TASK BRIEF: The line containing "define b where" marks the end: output every line of the data up to it, and that line too, exactly as written.

(RECORDS SUPPLIED begins)

lemma nn_integral_PiM_gauss_model_exp_norm_square:
  fixes theta w :: "real^'d" and sg l :: real and s :: "nat \<Rightarrow> real" and I :: "nat set"
  assumes sg: "sg > 0" and "finite I" and "\<And>i. i \<in> I \<Longrightarrow> s i * s i = 1"
    and "2 * l * sg\<^sup>2 * card I < 1"
  shows "(\<integral>\<^sup>+S. ennreal (exp (l * (norm (w + (\<Sum>i\<in>I. s i *\<^sub>R (fst (S i) - snd (S i) *\<^sub>R theta))))\<^sup>2))
      \<partial>PiM I (\<lambda>_. gauss_model theta sg))
    = ennreal ((1 / sqrt (1 - 2 * l * sg\<^sup>2 * card I)) ^ CARD('d)
        * exp (l * (norm w)\<^sup>2 / (1 - 2 * l * sg\<^sup>2 * card I)))"
  using assms(2-)
proof (induction I arbitrary: l w rule: finite_induct)
  case empty
  show ?case by (simp add: PiM_empty)
next
  case (insert i I)
  define n where "n = real (card I)"
  define a where "a = 1 - 2 * l * sg\<^sup>2"
  define l' where "l' = l / a"
  define b where "b = 1 - 2 * l' * sg\<^sup>2 * n"
  have card: "real (card (insert i I)) = n + 1"
    using insert by (simp add: n_def)
  have l: "2 * l * sg\<^sup>2 < 1"
  proof (cases "l \<ge> 0")
    case True
    then have "2 * l * sg\<^sup>2 * 1 \<le> 2 * l * sg\<^sup>2 * (n + 1)"
      by (intro mult_left_mono) (simp_all add: n_def)
    then show ?thesis
      using insert.prems(2) card by simp
  qed (smt (verit) mult_nonpos_nonneg zero_le_power2)
  then have a: "a > 0"
    by (simp add: a_def)
  have ab: "a * b = 1 - 2 * l * sg\<^sup>2 * card (insert i I)"
    using a by (simp add: card a_def b_def l'_def field_simps)
  then have "a * b > 0"
    using insert.prems(2) by simp
  then have b: "b > 0"
    using a by (simp add: zero_less_mult_iff)
  have IH: "(\<integral>\<^sup>+S. ennreal (exp (l' * (norm (w + (\<Sum>j\<in>I. s j *\<^sub>R (fst (S j) - snd (S j) *\<^sub>R theta))))\<^sup>2))
      \<partial>PiM I (\<lambda>_. gauss_model theta sg))
    = ennreal ((1 / sqrt b) ^ CARD('d) * exp (l' * (norm w)\<^sup>2 / b))"
    using insert.IH[of l' w] insert.prems(1) b unfolding b_def n_def by simp
  have "(\<integral>\<^sup>+S. ennreal (exp (l * (norm (w + (\<Sum>j\<in>insert i I. s j *\<^sub>R (fst (S j) - snd (S j) *\<^sub>R theta))))\<^sup>2))
      \<partial>PiM (insert i I) (\<lambda>_. gauss_model theta sg))
    = ennreal ((1 / sqrt a) ^ CARD('d))
      * (\<integral>\<^sup>+S. ennreal (exp (l' * (norm (w + (\<Sum>j\<in>I. s j *\<^sub>R (fst (S j) - snd (S j) *\<^sub>R theta))))\<^sup>2))
        \<partial>PiM I (\<lambda>_. gauss_model theta sg))"
    unfolding a_def l'_def
    by (rule nn_integral_PiM_insert_gauss_model_exp_norm_square[where s=s,
        OF sg insert(1,2) insert.prems(1)[OF insertI1] l])
  also have "\<dots> = ennreal ((1 / sqrt a) ^ CARD('d)) * ennreal ((1 / sqrt b) ^ CARD('d) * exp (l' * (norm w)\<^sup>2 / b))"
    unfolding IH ..
  also have "\<dots> = ennreal ((1 / sqrt (a * b)) ^ CARD('d) * exp (l * (norm w)\<^sup>2 / (a * b)))"
    using a b by (simp add: l'_def real_sqrt_mult power_mult_distrib[symmetric] flip: ennreal_mult)
  finally show ?case
    unfolding ab .
qed

lemma gauss_samples_signed_noise_tail:
  fixes theta :: "real^'d" and s :: "nat \<Rightarrow> real" and sg r :: real
  assumes sg: "sg > 0" and "m \<ge> 1" and signs: "\<And>i. i < m \<Longrightarrow> s i \<in> {-1, 1}" and "r \<ge> 0"
  shows "measure (gauss_samples m theta sg)
      {S \<in> space (gauss_samples m theta sg). r \<le> norm (\<Sum>i<m. s i *\<^sub>R (fst (S i) - snd (S i) *\<^sub>R theta))}
    \<le> exp (- r\<^sup>2 / (4 * real m * sg\<^sup>2)) * sqrt 2 ^ CARD('d)"
proof -
  define M where "M = gauss_samples m theta sg"
  define V where "V S = (\<Sum>i<m. s i *\<^sub>R (fst (S i) - snd (S i) *\<^sub>R theta))"
    for S :: "nat \<Rightarrow> (real^'d) \<times> real"
  define l where "l = 1 / (4 * real m * sg\<^sup>2)"
  have l: "l > 0" and half: "1 - 2 * l * sg\<^sup>2 * card {..<m} = 1 / 2"
    using \<open>m \<ge> 1\<close> sg by (simp_all add: l_def field_simps)
  have unit_signs: "s i * s i = 1" if "i < m" for i
    using signs[OF that] by auto
  have [measurable]: "(\<lambda>S. (norm (V S))\<^sup>2) \<in> borel_measurable M"
    unfolding M_def gauss_samples_def V_def by measurable
  have "{S \<in> space M. r \<le> norm (V S)} = {S \<in> space M. r\<^sup>2 \<le> (norm (V S))\<^sup>2}"
    using \<open>r \<ge> 0\<close> by (auto simp: abs_le_square_iff[symmetric])
  also have "emeasure M \<dots> \<le> ennreal (exp (- l * r\<^sup>2))
      * (\<integral>\<^sup>+S. ennreal (exp (l * (norm (V S))\<^sup>2)) * indicator (space M) S \<partial>M)"
    using l by (intro Chernoff_ineq_nn_integral_ge) auto
  also have "(\<integral>\<^sup>+S. ennreal (exp (l * (norm (V S))\<^sup>2)) * indicator (space M) S \<partial>M)
      = (\<integral>\<^sup>+S. ennreal (exp (l * (norm (0 + V S))\<^sup>2)) \<partial>M)"
    by (intro nn_integral_cong) simp
  also have "\<dots> = ennreal ((1 / sqrt (1 - 2 * l * sg\<^sup>2 * card {..<m})) ^ CARD('d)
      * exp (l * (norm (0 :: real^'d))\<^sup>2 / (1 - 2 * l * sg\<^sup>2 * card {..<m})))"
    unfolding M_def gauss_samples_def V_def
    by (rule nn_integral_PiM_gauss_model_exp_norm_square[OF sg])
      (use unit_signs half in auto)
  also have "\<dots> = ennreal (sqrt 2 ^ CARD('d))"
    unfolding half by (simp add: real_sqrt_divide)
  finally have "emeasure M {S \<in> space M. r \<le> norm (V S)} \<le> ennreal (exp (- l * r\<^sup>2) * sqrt 2 ^ CARD('d))"
    by (simp add: ennreal_mult)
  then show ?thesis
    unfolding M_def V_def l_def by (simp add: measure_def enn2real_leI)
qed

lemma sets_gauss_samples_signed_noise_UN:
  fixes theta :: "real^'d" and S :: "(nat \<Rightarrow> real) set"
  assumes "finite S"
  shows "(\<Union>s\<in>S. {x \<in> space (gauss_samples m theta sg).
      r \<le> norm (\<Sum>i<m. s i *\<^sub>R (fst (x i) - snd (x i) *\<^sub>R theta))}) \<in> sets (gauss_samples m theta sg)"
  using assms unfolding gauss_samples_def by (intro sets.finite_UN) measurable

lemma measure_gauss_samples_signed_noise_UN_le:
  fixes theta :: "real^'d" and sg r :: real
  assumes "sg > 0" and "m \<ge> 1" and "r \<ge> 0"
  shows "measure (gauss_samples m theta sg) (\<Union>s\<in>{..<m} \<rightarrow>\<^sub>E {-1, 1}.
      {S \<in> space (gauss_samples m theta sg). r \<le> norm (\<Sum>i<m. s i *\<^sub>R (fst (S i) - snd (S i) *\<^sub>R theta))})
    \<le> 2 ^ m * (exp (- r\<^sup>2 / (4 * real m * sg\<^sup>2)) * sqrt 2 ^ CARD('d))"
proof -
  interpret prob_space "gauss_samples m theta sg"
    unfolding gauss_samples_def using assms(1) by (intro prob_space_PiM prob_space_gauss_model)
  have "measure (gauss_samples m theta sg) (\<Union>s\<in>{..<m} \<rightarrow>\<^sub>E {-1, 1}.
      {S \<in> space (gauss_samples m theta sg). r \<le> norm (\<Sum>i<m. s i *\<^sub>R (fst (S i) - snd (S i) *\<^sub>R theta))})
    \<le> (\<Sum>s\<in>{..<m} \<rightarrow>\<^sub>E {-1, 1}. measure (gauss_samples m theta sg)
      {S \<in> space (gauss_samples m theta sg). r \<le> norm (\<Sum>i<m. s i *\<^sub>R (fst (S i) - snd (S i) *\<^sub>R theta))})"
    by (intro measure_UNION_le finite_PiE) (simp_all add: gauss_samples_def)
  also have "\<dots> \<le> (\<Sum>s\<in>{..<m} \<rightarrow>\<^sub>E {-1, 1::real}. exp (- r\<^sup>2 / (4 * real m * sg\<^sup>2)) * sqrt 2 ^ CARD('d))"
    using assms by (intro sum_mono gauss_samples_signed_noise_tail) (simp_all add: PiE_iff)
  also have "\<dots> = 2 ^ m * (exp (- r\<^sup>2 / (4 * real m * sg\<^sup>2)) * sqrt 2 ^ CARD('d))"
    by (simp add: card_PiE)
  finally show ?thesis .
qed

lemma norm_sum_scaleR_le_shift:
  fixes x :: "nat \<Rightarrow> 'a::real_normed_vector" and a y :: "nat \<Rightarrow> real"
  assumes "\<And>i. i \<in> I \<Longrightarrow> \<bar>a i\<bar> \<le> 1" and "\<And>i. i \<in> I \<Longrightarrow> \<bar>y i\<bar> \<le> 1"
  shows "norm (\<Sum>i\<in>I. a i *\<^sub>R x i) \<le> norm (\<Sum>i\<in>I. a i *\<^sub>R (x i - y i *\<^sub>R v)) + card I * norm v"
proof -
  have "\<bar>\<Sum>i\<in>I. a i * y i\<bar> \<le> (\<Sum>i\<in>I. \<bar>a i * y i\<bar>)"
    by (rule sum_abs)
  also have "\<dots> \<le> (\<Sum>i\<in>I. 1)"
    using assms by (intro sum_mono) (simp add: abs_mult mult_le_one)
  finally have "\<bar>\<Sum>i\<in>I. a i * y i\<bar> * norm v \<le> card I * norm v"
    by (simp add: mult_right_mono)
  moreover have "(\<Sum>i\<in>I. a i *\<^sub>R x i) = (\<Sum>i\<in>I. a i *\<^sub>R (x i - y i *\<^sub>R v)) + (\<Sum>i\<in>I. a i * y i) *\<^sub>R v"
    by (simp add: scaleR_diff_right sum_subtractf scaleR_sum_left)
  ultimately show ?thesis
    using norm_triangle_ineq[of "\<Sum>i\<in>I. a i *\<^sub>R (x i - y i *\<^sub>R v)" "(\<Sum>i\<in>I. a i * y i) *\<^sub>R v"]
    by simp
qed

lemma gauss_samples_event_subset_signed_noise:
  fixes theta :: "real^'d" and h :: "real^'d \<Rightarrow> real" and t :: real
  assumes "m \<ge> 1" and h: "\<And>x. h x \<in> {-1, 1}"
  shows "{S \<in> space (gauss_samples m theta sg). t \<le> norm ((1 / real m) *\<^sub>R (\<Sum>i<m. h (fst (S i)) *\<^sub>R fst (S i)))}
    \<subseteq> (\<Union>s\<in>{..<m} \<rightarrow>\<^sub>E {-1, 1}. {S \<in> space (gauss_samples m theta sg).
          real m * (t - norm theta) \<le> norm (\<Sum>i<m. s i *\<^sub>R (fst (S i) - snd (S i) *\<^sub>R theta))})"
proof safe
  fix S assume S: "S \<in> space (gauss_samples m theta sg)"
    and t: "t \<le> norm ((1 / real m) *\<^sub>R (\<Sum>i<m. h (fst (S i)) *\<^sub>R fst (S i)))"
  have S_space: "S \<in> (\<Pi>\<^sub>E i\<in>{..<m}. UNIV \<times> {-1, 1})"
    using S by (simp add: gauss_samples_def space_PiM space_gauss_model)
  have labels: "\<bar>snd (S i)\<bar> \<le> 1" if "i < m" for i
    using PiE_mem[OF S_space, of i] that by (auto simp: mem_Times_iff)
  have predictions: "\<bar>h x\<bar> \<le> 1" for x
    using h[of x] by auto
  define s where "s = restrict (\<lambda>i. h (fst (S i))) {..<m}"
  have "s \<in> {..<m} \<rightarrow>\<^sub>E {-1, 1}"
    using h by (simp add: s_def)
  have sum_eq: "(\<Sum>i<m. h (fst (S i)) *\<^sub>R (fst (S i) - snd (S i) *\<^sub>R theta))
      = (\<Sum>i<m. s i *\<^sub>R (fst (S i) - snd (S i) *\<^sub>R theta))"
    by (intro sum.cong) (simp_all add: s_def)
  have "real m * t \<le> norm (\<Sum>i<m. h (fst (S i)) *\<^sub>R fst (S i))"
    using t \<open>m \<ge> 1\<close> by (simp add: pos_le_divide_eq mult.commute)
  also have "\<dots> \<le> norm (\<Sum>i<m. s i *\<^sub>R (fst (S i) - snd (S i) *\<^sub>R theta)) + m * norm theta"
    using norm_sum_scaleR_le_shift[of "{..<m}" "\<lambda>i. h (fst (S i))" "\<lambda>i. snd (S i)" "\<lambda>i. fst (S i)" theta]
      labels predictions
    unfolding sum_eq by simp
  finally have "real m * (t - norm theta) \<le> norm (\<Sum>i<m. s i *\<^sub>R (fst (S i) - snd (S i) *\<^sub>R theta))"
    by (simp add: algebra_simps)
  with S \<open>s \<in> {..<m} \<rightarrow>\<^sub>E {-1, 1}\<close> show "S \<in> (\<Union>s\<in>{..<m} \<rightarrow>\<^sub>E {-1, 1}. {S \<in> space (gauss_samples m theta sg).
          real m * (t - norm theta) \<le> norm (\<Sum>i<m. s i *\<^sub>R (fst (S i) - snd (S i) *\<^sub>R theta))})"
    by blast
qed

lemma union_bound_exponent_le:
  fixes nt sg :: real and m n :: nat
  assumes nt: "nt > 0" and sg: "sg > 0" and m: "m \<ge> 1"
  defines "c \<equiv> sqrt 20 * sg / nt * sqrt (sqrt n / m + ln 2)"
  defines "r \<equiv> real m * (c * nt + 2 * sg * sqrt (n / m))"
  shows "2 ^ m * (exp (- r\<^sup>2 / (4 * real m * sg\<^sup>2)) * sqrt 2 ^ n) \<le> exp (- 6 * sqrt n / 5)"
proof -
  define p where "p = c * nt"
  define q where "q = 2 * sg * sqrt (n / m)"
  have "p \<ge> 0" "q \<ge> 0"
    using nt sg by (simp_all add: p_def q_def c_def)
  have p2: "p\<^sup>2 = 20 * sg\<^sup>2 * (sqrt n / m + ln 2)"
    using nt by (simp add: p_def c_def power_mult_distrib power_divide add_nonneg_nonneg)
  have q2: "q\<^sup>2 = 4 * sg\<^sup>2 * (n / m)"
    by (simp add: q_def power_mult_distrib)
  have "r\<^sup>2 = (real m)\<^sup>2 * (p + q)\<^sup>2"
    by (simp add: r_def p_def q_def power_mult_distrib)
  also have "\<dots> \<ge> (real m)\<^sup>2 * (p\<^sup>2 + q\<^sup>2)"
    using \<open>p \<ge> 0\<close> \<open>q \<ge> 0\<close> by (intro mult_left_mono) (simp_all add: power2_sum)
  finally have "r\<^sup>2 / (4 * real m * sg\<^sup>2) \<ge> (real m)\<^sup>2 * (p\<^sup>2 + q\<^sup>2) / (4 * real m * sg\<^sup>2)"
    using m sg by (intro divide_right_mono) simp_all
  also have "(real m)\<^sup>2 * (p\<^sup>2 + q\<^sup>2) / (4 * real m * sg\<^sup>2) = 5 * sqrt n + 5 * m * ln 2 + n"
    unfolding p2 q2 using m sg by (simp add: field_simps power2_eq_square)
  finally have exponent: "r\<^sup>2 / (4 * real m * sg\<^sup>2) \<ge> 5 * sqrt n + 5 * m * ln 2 + n" .
  have "sqrt 2 ^ n = exp (n * ln (sqrt 2))"
    by (simp add: exp_of_nat_mult)
  moreover have "(2::real) ^ m = exp (m * ln 2)"
    by (simp add: exp_of_nat_mult)
  ultimately have "2 ^ m * (exp (- r\<^sup>2 / (4 * real m * sg\<^sup>2)) * sqrt 2 ^ n)
      = exp (m * ln 2 - r\<^sup>2 / (4 * real m * sg\<^sup>2) + n * (ln 2 / 2))"
    by (simp only: ln_sqrt mult_exp_exp) (simp add: algebra_simps)
  also have "\<dots> \<le> exp (- 6 * sqrt n / 5)"
  proof -
    have "n * (ln 2 / 2) \<le> n"
      using ln_2_less_1 by (intro mult_left_le) simp_all
    moreover have "m * ln 2 \<ge> 0" and "sqrt n \<ge> 0"
      by simp_all
    ultimately show ?thesis
      using exponent by (subst exp_le_cancel_iff) linarith
  qed
  finally show ?thesis .
qed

(RECORDS SUPPLIED ends)

ANSWER TO THIS TASK:
lemma nn_integral_PiM_gauss_model_exp_norm_square:
  fixes theta w :: "real^'d" and sg l :: real and s :: "nat \<Rightarrow> real" and I :: "nat set"
  assumes sg: "sg > 0" and "finite I" and "\<And>i. i \<in> I \<Longrightarrow> s i * s i = 1"
    and "2 * l * sg\<^sup>2 * card I < 1"
  shows "(\<integral>\<^sup>+S. ennreal (exp (l * (norm (w + (\<Sum>i\<in>I. s i *\<^sub>R (fst (S i) - snd (S i) *\<^sub>R theta))))\<^sup>2))
      \<partial>PiM I (\<lambda>_. gauss_model theta sg))
    = ennreal ((1 / sqrt (1 - 2 * l * sg\<^sup>2 * card I)) ^ CARD('d)
        * exp (l * (norm w)\<^sup>2 / (1 - 2 * l * sg\<^sup>2 * card I)))"
  using assms(2-)
proof (induction I arbitrary: l w rule: finite_induct)
  case empty
  show ?case by (simp add: PiM_empty)
next
  case (insert i I)
  define n where "n = real (card I)"
  define a where "a = 1 - 2 * l * sg\<^sup>2"
  define l' where "l' = l / a"
  define b where "b = 1 - 2 * l' * sg\<^sup>2 * n"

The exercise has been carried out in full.